Residents of the Amathus area staged a protest outside parliament on Monday demanding compensation for their land which has been expropriated as it lies within an archaeological site.
The protest was held while inside the House interior affairs committee was discussing the issue.
Speaking to reporters later, the head of the property owners group Takis Onisiforou said the issue dates back to 1964 when the area in question was designated as an archaeological site.
Initially some 300 families were affected, while today there still remain 40 to 50 families who have yet to receive compensation for having their properties expropriated.
According to Onisiforou, the disaffected property owners are currently expecting an offer of €6 million in compensation.
This figure is not satisfactory, he added, but it is a start. The owners themselves estimate the combined value of their properties is closer to €16 million.
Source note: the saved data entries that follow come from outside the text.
definition desc :: "nat \<Rightarrow> (nat \<Rightarrow> real) \<Rightarrow> real list" where
  "desc N f = rev (sort (map f [0..<N]))"

definition pcond :: "nat \<Rightarrow> (nat \<Rightarrow> nat \<Rightarrow> complex) \<Rightarrow> (nat \<Rightarrow> nat \<Rightarrow> complex)
    \<Rightarrow> (nat \<Rightarrow> nat \<Rightarrow> complex) \<Rightarrow> real list" where
  "pcond N \<rho> x y = map (\<lambda>i. \<Sum>\<mu><N. desc N (\<lambda>j. joint N \<rho> x y j \<mu>) ! i) [0..<N]"

text \<open>Majorization \<open>a \<prec> b\<close> (for vectors listed in descending order).\<close>
definition majorized :: "real list \<Rightarrow> real list \<Rightarrow> bool" where
  "majorized a b \<longleftrightarrow> length a = length b \<and>
     (\<forall>k\<le>length a. sum_list (take k a) \<le> sum_list (take k b)) \<and> sum_list a = sum_list b"

definition desc_prob :: "nat \<Rightarrow> real list set" where
  "desc_prob N = {a. length a = N \<and> sorted (rev a) \<and> (\<forall>t\<in>set a. 0 \<le> t) \<and> sum_list a = 1}"

definition maj_lub :: "nat \<Rightarrow> real list set \<Rightarrow> real list \<Rightarrow> bool" where
  "maj_lub N S s \<longleftrightarrow> s \<in> desc_prob N \<and> (\<forall>a\<in>S. majorized a s) \<and>
     (\<forall>t\<in>desc_prob N. (\<forall>a\<in>S. majorized a t) \<longrightarrow> majorized s t)"

definition maj_join :: "nat \<Rightarrow> real list \<Rightarrow> real list \<Rightarrow> real list" where
  "maj_join N a b = (THE s. maj_lub N {a, b} s)"

end

theory Submission
  imports Defs "HOL-Analysis.Analysis" "HOL-Combinatorics.List_Permutation" "Jordan_Normal_Form.Determinant"
begin

(* A descending probability vector is determined by its partial sums k \<mapsto> p_1 + ... + p_k,
   which form a concave sequence from 0 to 1, and majorization is the pointwise order of
   these sequences. Hence every nonempty set of such vectors has a least upper bound: the
   vector whose partial sums are the least concave majorant of the pointwise supremum of the
   partial sums. For the vectors p(x|x'), the k-th partial sum equals
   sum_mu max_{|T| = k} sum_{i in T} P_{i mu}, a continuous function of the basis x', so on
   the compact set of orthonormal bases its supremum is attained by some X'^(k). Every upper
   bound of these N vectors then bounds every p(x|x'), so the least upper bound of the whole
   family is the join of the N maximizers. *)

lemma majorized_refl: "majorized a a"
  by (simp add: majorized_def)

lemma majorized_trans: "majorized a b \<Longrightarrow> majorized b c \<Longrightarrow> majorized a c"
  unfolding majorized_def by (metis order_trans)

lemma majorized_antisym:
  assumes "majorized a b" and "majorized b a"
  shows "a = b"
proof -
  have len: "length a = length b" using assms by (simp add: majorized_def)
  have partial: "sum_list (take k a) = sum_list (take k b)" if "k \<le> length a" for k
    using assms that len unfolding majorized_def by (metis order_antisym)
  show ?thesis
  proof (rule nth_equalityI[OF len])
    fix i assume "i < length a"
    then show "a ! i = b ! i"
      using partial[of i] partial[of "Suc i"] len by (simp add: take_Suc_conv_app_nth)
  qed
qed

lemma majorized_iff_partial_sums:
  assumes "a \<in> desc_prob N" and "b \<in> desc_prob N"
  shows "majorized a b \<longleftrightarrow> (\<forall>k\<le>N. sum_list (take k a) \<le> sum_list (take k b))"
  using assms by (auto simp: majorized_def desc_prob_def)

lemma desc_prob_sum_take_le_1:
  assumes "a \<in> desc_prob N"
  shows "sum_list (take k a) \<le> 1"
proof -
  have "0 \<le> sum_list (drop k a)"
    using assms by (intro sum_list_nonneg) (auto simp: desc_prob_def dest: in_set_dropD)
  moreover have "sum_list (take k a) + sum_list (drop k a) = 1"
    using assms by (simp add: desc_prob_def flip: sum_list_append)
  ultimately show ?thesis by linarith
qed

lemma maj_lub_unique: "maj_lub N S s \<Longrightarrow> maj_lub N S t \<Longrightarrow> s = t"
  unfolding maj_lub_def by (metis majorized_antisym)

definition concave_seq :: "nat \<Rightarrow> (nat \<Rightarrow> real) \<Rightarrow> bool" where
  "concave_seq N g \<longleftrightarrow> (\<forall>k. k + 2 \<le> N \<longrightarrow> g k + g (k + 2) \<le> 2 * g (k + 1))"

lemma concave_seq_increments_antimono:
  assumes "concave_seq N g" and "i \<le> j" and "j < N"
  shows "g (Suc j) - g j \<le> g (Suc i) - g i"
  using assms(2,3)
proof (induction j rule: dec_induct)
  case (step j)
  have "g j + g (j + 2) \<le> 2 * g (j + 1)"
    using assms(1) step.prems unfolding concave_seq_def by simp
  then show ?case using step by (simp add: numeral_2_eq_2)
qed simp

lemma concave_seq_sum_take:
  assumes "sorted (rev t)" and "length t = N"
  shows "concave_seq N (\<lambda>k. sum_list (take k t))"
  unfolding concave_seq_def
proof (intro allI impI)
  fix k assume k: "k + 2 \<le> N"
  have "t ! (k + 1) \<le> t ! k"
    using sorted_rev_nth_mono[OF assms(1), of k "k + 1"] k assms(2) by simp
  then show "sum_list (take k t) + sum_list (take (k + 2) t) \<le> 2 * sum_list (take (k + 1) t)"
    using k assms(2) by (simp add: numeral_2_eq_2 take_Suc_conv_app_nth)
qed

lemma sum_list_take_increments:
  assumes "k \<le> N"
  shows "sum_list (take k (map (\<lambda>i. g (Suc i) - g i) [0..<N])) = g k - (g 0 :: real)"
  using assms by (simp add: take_map sum_list_sum_nth atLeast0LessThan sum_lessThan_telescope)

lemma increments_in_desc_prob:
  assumes "concave_seq N g" and "g 0 = 0" and "g N = 1" and "g (N - 1) \<le> 1"
  shows "map (\<lambda>i. g (Suc i) - g i) [0..<N] \<in> desc_prob N"
proof -
  let ?s = "map (\<lambda>i. g (Suc i) - g i) [0..<N]"
  have "N \<noteq> 0" using assms(2,3) by (metis zero_neq_one)
  have antimono: "?s ! j \<le> ?s ! i" if "i \<le> j" "j < N" for i j
    using concave_seq_increments_antimono[OF assms(1) that] that by simp
  have "sorted (rev ?s)"
    using antimono by (simp add: sorted_rev_iff_nth_mono)
  moreover have "0 \<le> ?s ! i" if "i < N" for i
    using antimono[of i "N - 1"] that \<open>N \<noteq> 0\<close> assms(3,4) by fastforce
  moreover have "sum_list ?s = 1"
    using sum_list_take_increments[of N N g] assms(2,3) by simp
  ultimately show ?thesis by (auto simp: desc_prob_def in_set_conv_nth)
qed

(* Only meaningful when c is bounded above on {..N}: otherwise the INF ranges over the
   empty set. *)
definition concave_majorant :: "nat \<Rightarrow> (nat \<Rightarrow> real) \<Rightarrow> nat \<Rightarrow> real" where
  "concave_majorant N c k = (INF g \<in> {g. concave_seq N g \<and> (\<forall>j\<le>N. c j \<le> g j)}. g k)"

lemma concave_majorant_least:
  assumes "concave_seq N g" and "\<forall>j\<le>N. c j \<le> g j" and "k \<le> N"
  shows "concave_majorant N c k \<le> g k"
  unfolding concave_majorant_def using assms
  by (intro cINF_lower bdd_belowI[of _ "c k"]) auto

context
  fixes N :: nat and c :: "nat \<Rightarrow> real" and M :: real
  assumes bounded: "\<And>k. k \<le> N \<Longrightarrow> c k \<le> M"
begin

private abbreviation "majorants \<equiv> {g. concave_seq N g \<and> (\<forall>j\<le>N. c j \<le> g j)}"

private lemma const_in_majorants: "(\<lambda>_. M) \<in> majorants"
  using bounded by (simp add: concave_seq_def)

lemma le_concave_majorant:
  assumes "k \<le> N"
  shows "c k \<le> concave_majorant N c k"
  unfolding concave_majorant_def using assms const_in_majorants
  by (intro cINF_greatest) auto

lemma concave_seq_concave_majorant: "concave_seq N (concave_majorant N c)"
  unfolding concave_seq_def
proof (intro allI impI)
  fix k assume k: "k + 2 \<le> N"
  have "concave_majorant N c k + concave_majorant N c (k + 2) \<le> 2 * g (k + 1)"
    if "g \<in> majorants" for g
  proof -
    have "concave_majorant N c k + concave_majorant N c (k + 2) \<le> g k + g (k + 2)"
      using that k by (intro add_mono concave_majorant_least) auto
    also have "\<dots> \<le> 2 * g (k + 1)" using that k by (simp add: concave_seq_def)
    finally show ?thesis .
  qed
  then have "(concave_majorant N c k + concave_majorant N c (k + 2)) / 2 \<le> concave_majorant N c (k + 1)"
    unfolding concave_majorant_def[of N c "k + 1"] using const_in_majorants
    by (intro cINF_greatest) (auto simp: field_simps)
  then show "concave_majorant N c k + concave_majorant N c (k + 2) \<le> 2 * concave_majorant N c (k + 1)"
    by simp
qed

end

lemma concave_majorant_endpoints:
  assumes "c 0 = 0" and "c N = 1" and "\<And>k. c k \<le> 1"
  shows "concave_majorant N c 0 = 0" and "concave_majorant N c N = 1"
    and "k \<le> N \<Longrightarrow> concave_majorant N c k \<le> 1"
proof -
  have le_1: "concave_majorant N c k \<le> 1" if "k \<le> N" for k
    using concave_majorant_least[where N = N and c = c and g = "\<lambda>_. 1"] assms(3) that by (simp add: concave_seq_def)
  then show "k \<le> N \<Longrightarrow> concave_majorant N c k \<le> 1" .
  show "concave_majorant N c 0 = 0"
    using concave_majorant_least[where N = N and c = c and g = "\<lambda>k. if k = 0 then 0 else 1" and k = 0]
      le_concave_majorant[where N = N and c = c and M = 1 and k = 0] assms
    by (simp add: concave_seq_def)
  show "concave_majorant N c N = 1"
    using le_concave_majorant[where N = N and c = c and M = 1 and k = N] le_1[of N] assms by simp
qed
The total land in question still awaiting compensation is around 80 donums.
At the current rate of the state disbursing compensation, said Onisiforou, the remaining 40 to 50 families would have to wait another 30 years.
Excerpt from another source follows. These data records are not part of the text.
lemma laplacian_flow_tendsto_zero:
  fixes z :: "real \<Rightarrow> nat \<Rightarrow> real"
  assumes sym: "symp E"
    and conn: "\<And>i j. i < N \<Longrightarrow> j < N \<Longrightarrow> (\<lambda>a b. a < N \<and> b < N \<and> E a b)\<^sup>*\<^sup>* i j"
    and "k > 0"
    and flow: "\<And>i t. i < N \<Longrightarrow> t > T \<Longrightarrow>
      ((\<lambda>s. z s i) has_real_derivative k * laplacian N E (z t) i) (at t)"
    and zero_sum: "\<And>t. t > T \<Longrightarrow> (\<Sum>i<N. z t i) = 0"
    and "i < N"
  shows "((\<lambda>t. z t i) \<longlongrightarrow> 0) at_top"
proof -
  obtain K where "K > 0" and poincare:
    "\<And>y. (\<Sum>i<N. y i) = 0 \<Longrightarrow> (\<Sum>i<N. (y i)^2) \<le> K * dirichlet_energy N E y"
    using mean_zero_poincare[OF conn] by blast
  define W where "W t = (\<Sum>i<N. (z t i)^2)" for t
  have deriv: "(W has_real_derivative - k * dirichlet_energy N E (z t)) (at t)" if "t > T" for t
  proof -
    have "(W has_real_derivative (\<Sum>i<N. 2 * k * (z t i * laplacian N E (z t) i))) (at t)"
      unfolding W_def
      by (intro DERIV_sum) (use DERIV_power[OF flow[OF _ that], of _ 2] in \<open>auto simp: algebra_simps\<close>)
    then show ?thesis
      by (simp add: sum_mult_laplacian[OF sym] flip: sum_distrib_left)
  qed
  have decay: "- k * dirichlet_energy N E (z t) \<le> - (k / K) * W t" if "t > T" for t
  proof -
    have "(k / K) * W t \<le> (k / K) * (K * dirichlet_energy N E (z t))"
      unfolding W_def using poincare[OF zero_sum[OF that]] \<open>k > 0\<close> \<open>K > 0\<close>
      by (intro mult_left_mono) auto
    then show ?thesis
      using \<open>K > 0\<close> by simp
  qed
  have "W t \<ge> 0" for t
    unfolding W_def by (intro sum_nonneg) auto
  then have W_lim: "(W \<longlongrightarrow> 0) at_top"
    using \<open>k > 0\<close> \<open>K > 0\<close> by (intro tendsto_zero_if_deriv_le_neg_mult[OF _ deriv decay]) auto
  have "(z t i)^2 \<le> W t" for t
    unfolding W_def using \<open>i < N\<close> by (intro member_le_sum) auto
  then have "((\<lambda>t. (z t i)^2) \<longlongrightarrow> 0) at_top"
    by (intro tendsto_sandwich[OF _ _ tendsto_const W_lim] always_eventually) auto
  then have "((\<lambda>t. sqrt ((z t i)^2)) \<longlongrightarrow> 0) at_top"
    using tendsto_real_sqrt by fastforce
  then show ?thesis
    by (simp add: tendsto_rabs_zero_iff)
qed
In May 2016, Amathus residents staged a protest claiming that a Russian company planned to build a major complex in the area, while their land was being expropriated by the antiquities department for humiliatingly low prices.
The area is an archaeological site containing the remnants of one of the island’s most ancient towns. Dating back to at least 1100 BC, it is linked to the cult of Aphrodite with the site containing a temple, tombs, and public baths.